# DIRECTIONS
Note each line in the data holding the string "ancestor" and report it.
BEGIN DATASET CONTENT
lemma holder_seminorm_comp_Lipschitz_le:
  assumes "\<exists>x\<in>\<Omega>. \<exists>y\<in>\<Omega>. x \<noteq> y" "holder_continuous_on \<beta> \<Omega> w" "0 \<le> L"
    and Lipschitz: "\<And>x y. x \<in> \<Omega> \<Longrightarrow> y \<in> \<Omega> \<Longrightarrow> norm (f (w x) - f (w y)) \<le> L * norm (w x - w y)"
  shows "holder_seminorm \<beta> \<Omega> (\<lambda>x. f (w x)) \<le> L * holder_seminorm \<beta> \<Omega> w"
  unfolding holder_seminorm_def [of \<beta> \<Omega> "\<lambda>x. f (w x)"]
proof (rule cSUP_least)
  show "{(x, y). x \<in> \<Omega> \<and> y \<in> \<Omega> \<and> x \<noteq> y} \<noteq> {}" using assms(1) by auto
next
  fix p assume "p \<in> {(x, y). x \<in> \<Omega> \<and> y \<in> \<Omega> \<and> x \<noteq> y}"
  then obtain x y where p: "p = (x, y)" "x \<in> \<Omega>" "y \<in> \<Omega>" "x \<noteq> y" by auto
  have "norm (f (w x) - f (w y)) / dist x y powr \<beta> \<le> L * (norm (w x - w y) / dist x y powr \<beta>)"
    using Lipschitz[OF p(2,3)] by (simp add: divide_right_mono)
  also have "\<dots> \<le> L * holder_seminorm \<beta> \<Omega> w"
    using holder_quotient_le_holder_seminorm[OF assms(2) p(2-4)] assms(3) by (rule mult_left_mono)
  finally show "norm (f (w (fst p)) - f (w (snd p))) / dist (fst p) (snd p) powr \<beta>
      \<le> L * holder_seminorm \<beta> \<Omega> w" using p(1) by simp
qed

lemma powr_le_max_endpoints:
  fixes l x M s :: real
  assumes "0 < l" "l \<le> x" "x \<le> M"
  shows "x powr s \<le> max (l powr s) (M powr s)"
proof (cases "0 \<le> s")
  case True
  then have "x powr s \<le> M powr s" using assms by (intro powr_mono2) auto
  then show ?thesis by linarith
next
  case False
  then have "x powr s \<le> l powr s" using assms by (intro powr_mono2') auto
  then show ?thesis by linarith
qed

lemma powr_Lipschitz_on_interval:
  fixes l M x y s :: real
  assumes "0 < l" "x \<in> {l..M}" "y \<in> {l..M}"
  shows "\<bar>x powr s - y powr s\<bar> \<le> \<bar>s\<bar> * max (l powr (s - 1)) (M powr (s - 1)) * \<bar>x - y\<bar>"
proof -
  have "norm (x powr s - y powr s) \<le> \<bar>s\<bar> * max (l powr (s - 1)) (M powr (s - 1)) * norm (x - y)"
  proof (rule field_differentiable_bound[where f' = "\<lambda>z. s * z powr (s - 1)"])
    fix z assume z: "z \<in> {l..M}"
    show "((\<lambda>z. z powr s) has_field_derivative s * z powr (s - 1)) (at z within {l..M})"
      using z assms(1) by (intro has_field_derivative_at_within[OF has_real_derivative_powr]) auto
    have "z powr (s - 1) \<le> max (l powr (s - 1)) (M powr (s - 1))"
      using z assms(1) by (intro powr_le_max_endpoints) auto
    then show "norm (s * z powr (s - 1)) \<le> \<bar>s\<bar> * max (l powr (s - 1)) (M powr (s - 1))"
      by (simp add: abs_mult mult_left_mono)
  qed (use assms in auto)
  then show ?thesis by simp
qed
END DATASET CONTENT
BEGIN DATASET CONTENT
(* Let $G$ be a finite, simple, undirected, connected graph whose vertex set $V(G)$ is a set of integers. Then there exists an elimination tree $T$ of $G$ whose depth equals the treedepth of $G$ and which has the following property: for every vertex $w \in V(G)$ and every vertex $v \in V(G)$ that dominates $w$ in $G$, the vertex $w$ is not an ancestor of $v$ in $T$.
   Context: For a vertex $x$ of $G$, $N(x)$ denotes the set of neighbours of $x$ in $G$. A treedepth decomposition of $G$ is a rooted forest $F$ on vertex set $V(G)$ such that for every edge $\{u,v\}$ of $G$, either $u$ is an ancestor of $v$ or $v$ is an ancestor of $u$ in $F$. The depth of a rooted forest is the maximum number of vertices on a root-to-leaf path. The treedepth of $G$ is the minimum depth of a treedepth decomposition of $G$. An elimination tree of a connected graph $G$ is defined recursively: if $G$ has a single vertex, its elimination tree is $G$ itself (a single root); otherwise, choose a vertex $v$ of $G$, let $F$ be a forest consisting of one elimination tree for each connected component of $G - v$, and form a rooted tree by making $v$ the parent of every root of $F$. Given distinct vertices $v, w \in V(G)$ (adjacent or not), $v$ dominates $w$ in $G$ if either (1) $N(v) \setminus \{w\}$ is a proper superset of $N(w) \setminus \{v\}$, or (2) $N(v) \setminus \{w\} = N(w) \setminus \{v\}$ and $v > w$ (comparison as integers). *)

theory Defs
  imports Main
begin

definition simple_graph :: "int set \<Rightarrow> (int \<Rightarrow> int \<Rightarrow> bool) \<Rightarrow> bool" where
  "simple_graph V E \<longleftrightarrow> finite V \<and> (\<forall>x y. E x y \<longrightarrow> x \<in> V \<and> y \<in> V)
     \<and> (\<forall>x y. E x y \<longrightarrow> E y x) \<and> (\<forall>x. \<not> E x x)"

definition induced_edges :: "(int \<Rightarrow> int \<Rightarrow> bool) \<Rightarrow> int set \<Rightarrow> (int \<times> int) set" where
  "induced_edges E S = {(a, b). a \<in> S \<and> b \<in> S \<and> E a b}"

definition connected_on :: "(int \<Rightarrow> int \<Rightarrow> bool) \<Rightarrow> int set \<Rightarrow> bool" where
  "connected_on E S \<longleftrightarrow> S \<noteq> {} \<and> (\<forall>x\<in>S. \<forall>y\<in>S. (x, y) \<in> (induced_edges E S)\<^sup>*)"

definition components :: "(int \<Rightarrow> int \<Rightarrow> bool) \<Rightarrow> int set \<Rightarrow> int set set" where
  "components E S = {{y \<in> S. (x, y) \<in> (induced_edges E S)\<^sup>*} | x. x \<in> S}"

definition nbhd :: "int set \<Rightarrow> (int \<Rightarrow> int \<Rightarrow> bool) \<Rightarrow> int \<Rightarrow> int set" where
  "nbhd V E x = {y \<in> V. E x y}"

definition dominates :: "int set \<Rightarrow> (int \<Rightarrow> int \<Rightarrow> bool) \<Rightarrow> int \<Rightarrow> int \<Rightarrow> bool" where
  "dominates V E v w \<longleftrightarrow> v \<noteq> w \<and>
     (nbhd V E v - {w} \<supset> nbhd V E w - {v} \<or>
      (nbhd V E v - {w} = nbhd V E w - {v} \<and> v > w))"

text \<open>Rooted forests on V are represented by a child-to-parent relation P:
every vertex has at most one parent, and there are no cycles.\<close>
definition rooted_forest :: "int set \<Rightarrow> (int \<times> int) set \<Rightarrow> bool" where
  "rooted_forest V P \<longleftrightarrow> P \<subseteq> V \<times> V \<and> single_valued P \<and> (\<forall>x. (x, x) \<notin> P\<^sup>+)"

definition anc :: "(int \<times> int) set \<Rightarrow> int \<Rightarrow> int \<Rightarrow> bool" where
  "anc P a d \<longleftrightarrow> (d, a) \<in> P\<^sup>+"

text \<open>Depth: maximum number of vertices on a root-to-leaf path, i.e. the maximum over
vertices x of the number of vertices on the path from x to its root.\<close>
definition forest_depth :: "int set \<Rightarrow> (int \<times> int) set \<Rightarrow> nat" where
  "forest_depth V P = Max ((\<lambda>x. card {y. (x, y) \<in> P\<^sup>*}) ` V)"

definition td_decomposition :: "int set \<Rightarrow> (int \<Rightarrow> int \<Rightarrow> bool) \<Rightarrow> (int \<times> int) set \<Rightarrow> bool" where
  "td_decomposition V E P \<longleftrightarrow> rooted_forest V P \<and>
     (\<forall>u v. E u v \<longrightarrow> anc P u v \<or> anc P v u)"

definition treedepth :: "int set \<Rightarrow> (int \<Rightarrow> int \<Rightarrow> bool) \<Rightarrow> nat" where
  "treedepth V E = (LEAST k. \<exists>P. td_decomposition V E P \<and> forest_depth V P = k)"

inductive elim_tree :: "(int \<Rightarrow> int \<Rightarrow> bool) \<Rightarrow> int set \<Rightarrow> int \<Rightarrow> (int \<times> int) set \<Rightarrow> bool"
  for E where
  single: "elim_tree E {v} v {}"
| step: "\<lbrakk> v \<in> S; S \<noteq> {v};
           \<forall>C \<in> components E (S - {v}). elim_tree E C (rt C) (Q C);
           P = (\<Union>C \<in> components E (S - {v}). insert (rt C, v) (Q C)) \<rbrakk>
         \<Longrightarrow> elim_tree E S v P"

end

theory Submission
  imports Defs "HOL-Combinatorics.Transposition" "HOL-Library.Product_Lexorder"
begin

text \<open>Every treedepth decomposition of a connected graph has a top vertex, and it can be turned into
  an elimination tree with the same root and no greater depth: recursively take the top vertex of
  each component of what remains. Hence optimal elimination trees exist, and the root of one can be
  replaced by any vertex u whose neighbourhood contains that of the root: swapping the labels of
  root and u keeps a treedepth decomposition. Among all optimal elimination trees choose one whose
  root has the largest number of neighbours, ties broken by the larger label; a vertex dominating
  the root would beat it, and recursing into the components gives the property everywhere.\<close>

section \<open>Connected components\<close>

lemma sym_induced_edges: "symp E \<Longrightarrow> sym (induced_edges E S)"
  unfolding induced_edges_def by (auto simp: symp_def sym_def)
END DATASET CONTENT
BEGIN DATASET CONTENT
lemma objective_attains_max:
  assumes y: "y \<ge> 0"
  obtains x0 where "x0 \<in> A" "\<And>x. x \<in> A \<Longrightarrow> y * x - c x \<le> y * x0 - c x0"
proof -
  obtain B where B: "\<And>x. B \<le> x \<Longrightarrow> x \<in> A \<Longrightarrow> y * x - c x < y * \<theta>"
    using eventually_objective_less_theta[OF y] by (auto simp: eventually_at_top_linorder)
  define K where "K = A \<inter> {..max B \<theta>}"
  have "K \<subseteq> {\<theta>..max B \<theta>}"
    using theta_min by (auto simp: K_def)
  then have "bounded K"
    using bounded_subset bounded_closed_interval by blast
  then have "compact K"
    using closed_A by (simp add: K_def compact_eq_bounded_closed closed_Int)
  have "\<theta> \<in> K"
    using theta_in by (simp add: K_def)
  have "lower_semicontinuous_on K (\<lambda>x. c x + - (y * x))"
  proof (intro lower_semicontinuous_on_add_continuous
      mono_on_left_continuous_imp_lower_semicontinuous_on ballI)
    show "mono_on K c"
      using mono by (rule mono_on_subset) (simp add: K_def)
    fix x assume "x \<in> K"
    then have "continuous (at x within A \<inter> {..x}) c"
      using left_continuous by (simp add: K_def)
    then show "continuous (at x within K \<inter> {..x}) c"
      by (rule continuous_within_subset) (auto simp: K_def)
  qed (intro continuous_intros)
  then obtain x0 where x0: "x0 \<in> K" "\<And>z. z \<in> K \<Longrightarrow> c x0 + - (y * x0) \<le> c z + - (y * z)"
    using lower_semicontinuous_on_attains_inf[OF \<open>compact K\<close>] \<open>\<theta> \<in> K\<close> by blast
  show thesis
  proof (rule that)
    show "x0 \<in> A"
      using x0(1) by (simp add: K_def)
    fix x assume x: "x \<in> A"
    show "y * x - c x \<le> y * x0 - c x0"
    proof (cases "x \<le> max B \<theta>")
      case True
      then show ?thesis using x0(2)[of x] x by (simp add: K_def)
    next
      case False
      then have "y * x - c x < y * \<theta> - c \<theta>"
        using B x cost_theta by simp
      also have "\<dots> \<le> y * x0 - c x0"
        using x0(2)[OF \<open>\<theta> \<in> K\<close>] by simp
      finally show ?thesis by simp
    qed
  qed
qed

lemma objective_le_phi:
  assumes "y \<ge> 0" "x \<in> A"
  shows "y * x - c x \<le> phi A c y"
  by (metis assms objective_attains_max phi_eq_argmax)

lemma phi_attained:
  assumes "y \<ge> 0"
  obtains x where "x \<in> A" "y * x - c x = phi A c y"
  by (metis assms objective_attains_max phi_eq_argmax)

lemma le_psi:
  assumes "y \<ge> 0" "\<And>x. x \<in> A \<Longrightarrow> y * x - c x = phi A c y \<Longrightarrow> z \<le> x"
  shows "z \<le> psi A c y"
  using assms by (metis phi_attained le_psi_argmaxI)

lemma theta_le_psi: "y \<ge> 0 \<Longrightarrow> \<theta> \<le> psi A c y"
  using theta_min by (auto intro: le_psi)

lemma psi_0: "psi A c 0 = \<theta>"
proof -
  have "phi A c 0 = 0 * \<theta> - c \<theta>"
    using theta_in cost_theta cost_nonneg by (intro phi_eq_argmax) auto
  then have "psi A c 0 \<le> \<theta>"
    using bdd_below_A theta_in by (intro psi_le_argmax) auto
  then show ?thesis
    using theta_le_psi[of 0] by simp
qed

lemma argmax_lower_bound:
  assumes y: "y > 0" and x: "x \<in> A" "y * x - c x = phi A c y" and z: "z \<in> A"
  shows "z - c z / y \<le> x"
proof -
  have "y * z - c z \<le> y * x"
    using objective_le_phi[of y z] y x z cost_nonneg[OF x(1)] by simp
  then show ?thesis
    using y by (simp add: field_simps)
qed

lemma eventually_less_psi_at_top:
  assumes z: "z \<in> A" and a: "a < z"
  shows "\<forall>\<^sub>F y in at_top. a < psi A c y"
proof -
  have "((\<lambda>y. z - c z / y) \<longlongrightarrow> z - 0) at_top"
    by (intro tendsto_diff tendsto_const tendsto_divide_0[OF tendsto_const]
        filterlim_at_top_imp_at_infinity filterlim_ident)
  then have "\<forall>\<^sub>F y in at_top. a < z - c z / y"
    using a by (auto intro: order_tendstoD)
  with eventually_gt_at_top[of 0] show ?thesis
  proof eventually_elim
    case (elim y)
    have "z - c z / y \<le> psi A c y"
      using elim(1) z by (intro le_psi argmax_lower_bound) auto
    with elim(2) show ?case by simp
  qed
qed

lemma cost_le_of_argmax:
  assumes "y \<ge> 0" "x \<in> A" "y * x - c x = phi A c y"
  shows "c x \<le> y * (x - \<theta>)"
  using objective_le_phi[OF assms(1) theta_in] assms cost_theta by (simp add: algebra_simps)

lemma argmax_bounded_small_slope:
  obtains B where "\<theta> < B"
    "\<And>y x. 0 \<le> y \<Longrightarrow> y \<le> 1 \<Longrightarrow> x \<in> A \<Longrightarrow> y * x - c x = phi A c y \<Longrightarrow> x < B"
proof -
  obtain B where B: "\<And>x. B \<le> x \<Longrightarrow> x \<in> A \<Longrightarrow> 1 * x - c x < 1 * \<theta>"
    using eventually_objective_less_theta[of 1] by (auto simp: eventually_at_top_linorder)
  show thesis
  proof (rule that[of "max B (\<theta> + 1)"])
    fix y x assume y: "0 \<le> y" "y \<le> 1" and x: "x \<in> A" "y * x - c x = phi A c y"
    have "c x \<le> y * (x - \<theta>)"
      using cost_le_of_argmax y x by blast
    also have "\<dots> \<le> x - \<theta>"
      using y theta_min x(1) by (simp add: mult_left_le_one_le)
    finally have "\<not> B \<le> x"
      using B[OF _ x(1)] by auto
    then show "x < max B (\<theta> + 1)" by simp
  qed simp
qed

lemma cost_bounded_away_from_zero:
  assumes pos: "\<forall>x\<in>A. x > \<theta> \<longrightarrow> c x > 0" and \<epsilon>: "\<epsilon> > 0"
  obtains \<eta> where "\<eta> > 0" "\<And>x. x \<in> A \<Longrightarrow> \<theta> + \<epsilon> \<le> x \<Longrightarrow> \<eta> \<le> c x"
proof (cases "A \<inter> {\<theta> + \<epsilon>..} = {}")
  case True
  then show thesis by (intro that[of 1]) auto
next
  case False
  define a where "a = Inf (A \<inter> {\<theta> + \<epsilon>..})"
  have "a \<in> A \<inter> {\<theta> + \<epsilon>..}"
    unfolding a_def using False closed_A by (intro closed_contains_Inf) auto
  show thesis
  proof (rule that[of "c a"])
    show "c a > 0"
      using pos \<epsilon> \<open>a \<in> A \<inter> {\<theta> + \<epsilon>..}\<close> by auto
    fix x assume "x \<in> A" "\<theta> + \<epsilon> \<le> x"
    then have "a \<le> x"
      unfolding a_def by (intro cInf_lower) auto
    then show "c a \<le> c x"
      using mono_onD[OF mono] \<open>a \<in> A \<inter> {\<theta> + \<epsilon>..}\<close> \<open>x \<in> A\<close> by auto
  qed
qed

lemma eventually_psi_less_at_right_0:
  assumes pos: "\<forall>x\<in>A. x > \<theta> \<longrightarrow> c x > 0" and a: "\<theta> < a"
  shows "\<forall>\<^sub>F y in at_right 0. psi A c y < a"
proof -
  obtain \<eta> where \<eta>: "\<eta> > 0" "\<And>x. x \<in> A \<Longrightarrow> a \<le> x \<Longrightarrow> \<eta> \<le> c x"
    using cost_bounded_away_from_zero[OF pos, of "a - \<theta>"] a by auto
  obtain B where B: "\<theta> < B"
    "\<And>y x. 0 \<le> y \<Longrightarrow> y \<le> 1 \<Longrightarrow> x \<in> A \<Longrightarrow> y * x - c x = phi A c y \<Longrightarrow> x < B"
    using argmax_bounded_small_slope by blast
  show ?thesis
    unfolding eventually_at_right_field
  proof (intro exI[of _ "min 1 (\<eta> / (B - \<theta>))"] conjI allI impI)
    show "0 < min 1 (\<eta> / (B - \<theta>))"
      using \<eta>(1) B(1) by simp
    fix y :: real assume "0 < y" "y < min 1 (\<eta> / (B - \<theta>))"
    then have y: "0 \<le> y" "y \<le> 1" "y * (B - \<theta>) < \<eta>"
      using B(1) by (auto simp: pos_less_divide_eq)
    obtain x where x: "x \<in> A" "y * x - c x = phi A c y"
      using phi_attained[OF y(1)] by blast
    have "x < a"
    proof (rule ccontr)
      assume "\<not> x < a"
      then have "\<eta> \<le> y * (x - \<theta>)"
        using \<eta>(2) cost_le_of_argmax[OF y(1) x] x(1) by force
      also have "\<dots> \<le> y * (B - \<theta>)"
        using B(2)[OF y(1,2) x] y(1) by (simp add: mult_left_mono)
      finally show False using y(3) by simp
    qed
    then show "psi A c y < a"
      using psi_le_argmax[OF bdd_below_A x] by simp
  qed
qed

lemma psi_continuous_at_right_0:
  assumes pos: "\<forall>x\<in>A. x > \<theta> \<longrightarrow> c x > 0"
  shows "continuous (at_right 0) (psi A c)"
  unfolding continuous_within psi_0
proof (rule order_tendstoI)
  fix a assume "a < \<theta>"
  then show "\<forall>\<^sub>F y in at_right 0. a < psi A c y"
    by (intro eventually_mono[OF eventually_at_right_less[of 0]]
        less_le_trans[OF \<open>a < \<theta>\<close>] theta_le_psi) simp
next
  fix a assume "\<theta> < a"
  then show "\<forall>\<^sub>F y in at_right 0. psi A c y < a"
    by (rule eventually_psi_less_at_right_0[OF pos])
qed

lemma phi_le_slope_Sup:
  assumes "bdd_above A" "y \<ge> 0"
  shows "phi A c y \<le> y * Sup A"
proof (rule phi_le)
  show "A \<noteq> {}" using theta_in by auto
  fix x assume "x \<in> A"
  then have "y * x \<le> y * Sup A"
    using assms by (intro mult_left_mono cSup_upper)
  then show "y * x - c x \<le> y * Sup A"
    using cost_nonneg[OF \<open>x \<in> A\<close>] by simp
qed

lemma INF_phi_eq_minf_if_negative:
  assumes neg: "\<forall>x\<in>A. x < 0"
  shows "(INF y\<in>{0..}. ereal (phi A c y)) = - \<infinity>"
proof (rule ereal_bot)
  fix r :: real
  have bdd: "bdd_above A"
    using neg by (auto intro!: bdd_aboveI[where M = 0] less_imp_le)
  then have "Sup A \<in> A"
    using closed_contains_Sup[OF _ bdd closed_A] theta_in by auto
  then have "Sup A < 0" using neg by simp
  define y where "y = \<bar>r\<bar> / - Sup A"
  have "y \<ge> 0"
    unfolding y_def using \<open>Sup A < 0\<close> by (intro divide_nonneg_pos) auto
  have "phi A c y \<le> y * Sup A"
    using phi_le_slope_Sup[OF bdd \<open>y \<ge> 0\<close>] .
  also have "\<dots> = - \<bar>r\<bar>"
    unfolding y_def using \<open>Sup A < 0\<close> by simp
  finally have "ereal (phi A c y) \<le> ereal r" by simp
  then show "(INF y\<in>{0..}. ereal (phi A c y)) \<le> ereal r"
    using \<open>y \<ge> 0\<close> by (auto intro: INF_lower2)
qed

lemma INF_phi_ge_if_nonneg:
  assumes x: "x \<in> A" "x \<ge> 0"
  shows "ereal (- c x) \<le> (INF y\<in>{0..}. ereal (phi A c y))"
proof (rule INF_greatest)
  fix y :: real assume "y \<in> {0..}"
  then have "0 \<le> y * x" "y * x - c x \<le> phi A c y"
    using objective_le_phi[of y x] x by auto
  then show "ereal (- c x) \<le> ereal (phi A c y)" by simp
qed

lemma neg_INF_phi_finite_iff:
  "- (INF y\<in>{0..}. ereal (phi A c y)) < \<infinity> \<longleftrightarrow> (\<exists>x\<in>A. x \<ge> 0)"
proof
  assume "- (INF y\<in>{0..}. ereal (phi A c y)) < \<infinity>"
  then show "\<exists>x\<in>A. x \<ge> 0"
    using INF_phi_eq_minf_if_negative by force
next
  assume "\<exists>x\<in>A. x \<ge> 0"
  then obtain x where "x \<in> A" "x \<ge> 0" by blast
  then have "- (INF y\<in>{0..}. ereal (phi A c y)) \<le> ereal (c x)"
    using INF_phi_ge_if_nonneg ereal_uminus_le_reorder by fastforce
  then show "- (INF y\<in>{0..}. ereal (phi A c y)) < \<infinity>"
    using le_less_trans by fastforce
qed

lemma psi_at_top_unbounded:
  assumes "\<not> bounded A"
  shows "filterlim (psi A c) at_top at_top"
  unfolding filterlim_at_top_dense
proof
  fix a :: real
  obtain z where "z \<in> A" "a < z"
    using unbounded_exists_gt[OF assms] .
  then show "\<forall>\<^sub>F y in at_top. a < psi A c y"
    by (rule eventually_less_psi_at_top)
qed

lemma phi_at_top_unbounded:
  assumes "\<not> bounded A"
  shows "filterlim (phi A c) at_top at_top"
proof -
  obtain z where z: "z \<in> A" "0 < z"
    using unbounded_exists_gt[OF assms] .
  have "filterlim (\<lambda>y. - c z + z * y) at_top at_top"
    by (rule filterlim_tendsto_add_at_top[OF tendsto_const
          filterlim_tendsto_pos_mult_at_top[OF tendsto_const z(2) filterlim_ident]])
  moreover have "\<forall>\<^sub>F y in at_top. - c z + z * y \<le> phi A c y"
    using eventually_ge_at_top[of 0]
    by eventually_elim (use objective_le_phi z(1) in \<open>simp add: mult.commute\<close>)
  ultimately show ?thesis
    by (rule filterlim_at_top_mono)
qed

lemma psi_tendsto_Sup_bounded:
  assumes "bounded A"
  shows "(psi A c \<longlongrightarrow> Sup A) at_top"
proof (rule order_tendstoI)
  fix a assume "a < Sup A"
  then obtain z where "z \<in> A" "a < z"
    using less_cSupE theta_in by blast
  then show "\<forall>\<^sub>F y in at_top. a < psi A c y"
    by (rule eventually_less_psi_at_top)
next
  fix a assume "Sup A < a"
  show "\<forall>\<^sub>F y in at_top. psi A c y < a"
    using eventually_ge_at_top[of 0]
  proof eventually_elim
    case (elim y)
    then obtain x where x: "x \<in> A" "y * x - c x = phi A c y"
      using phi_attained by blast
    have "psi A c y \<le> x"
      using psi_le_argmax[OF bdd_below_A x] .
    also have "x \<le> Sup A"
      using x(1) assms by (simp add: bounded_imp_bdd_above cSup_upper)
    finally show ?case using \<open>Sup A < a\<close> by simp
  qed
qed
END DATASET CONTENT
# RESULT BELOW
(* Let $G$ be a finite, simple, undirected, connected graph whose vertex set $V(G)$ is a set of integers. Then there exists an elimination tree $T$ of $G$ whose depth equals the treedepth of $G$ and which has the following property: for every vertex $w \in V(G)$ and every vertex $v \in V(G)$ that dominates $w$ in $G$, the vertex $w$ is not an ancestor of $v$ in $T$.
   Context: For a vertex $x$ of $G$, $N(x)$ denotes the set of neighbours of $x$ in $G$. A treedepth decomposition of $G$ is a rooted forest $F$ on vertex set $V(G)$ such that for every edge $\{u,v\}$ of $G$, either $u$ is an ancestor of $v$ or $v$ is an ancestor of $u$ in $F$. The depth of a rooted forest is the maximum number of vertices on a root-to-leaf path. The treedepth of $G$ is the minimum depth of a treedepth decomposition of $G$. An elimination tree of a connected graph $G$ is defined recursively: if $G$ has a single vertex, its elimination tree is $G$ itself (a single root); otherwise, choose a vertex $v$ of $G$, let $F$ be a forest consisting of one elimination tree for each connected component of $G - v$, and form a rooted tree by making $v$ the parent of every root of $F$. Given distinct vertices $v, w \in V(G)$ (adjacent or not), $v$ dominates $w$ in $G$ if either (1) $N(v) \setminus \{w\}$ is a proper superset of $N(w) \setminus \{v\}$, or (2) $N(v) \setminus \{w\} = N(w) \setminus \{v\}$ and $v > w$ (comparison as integers). *)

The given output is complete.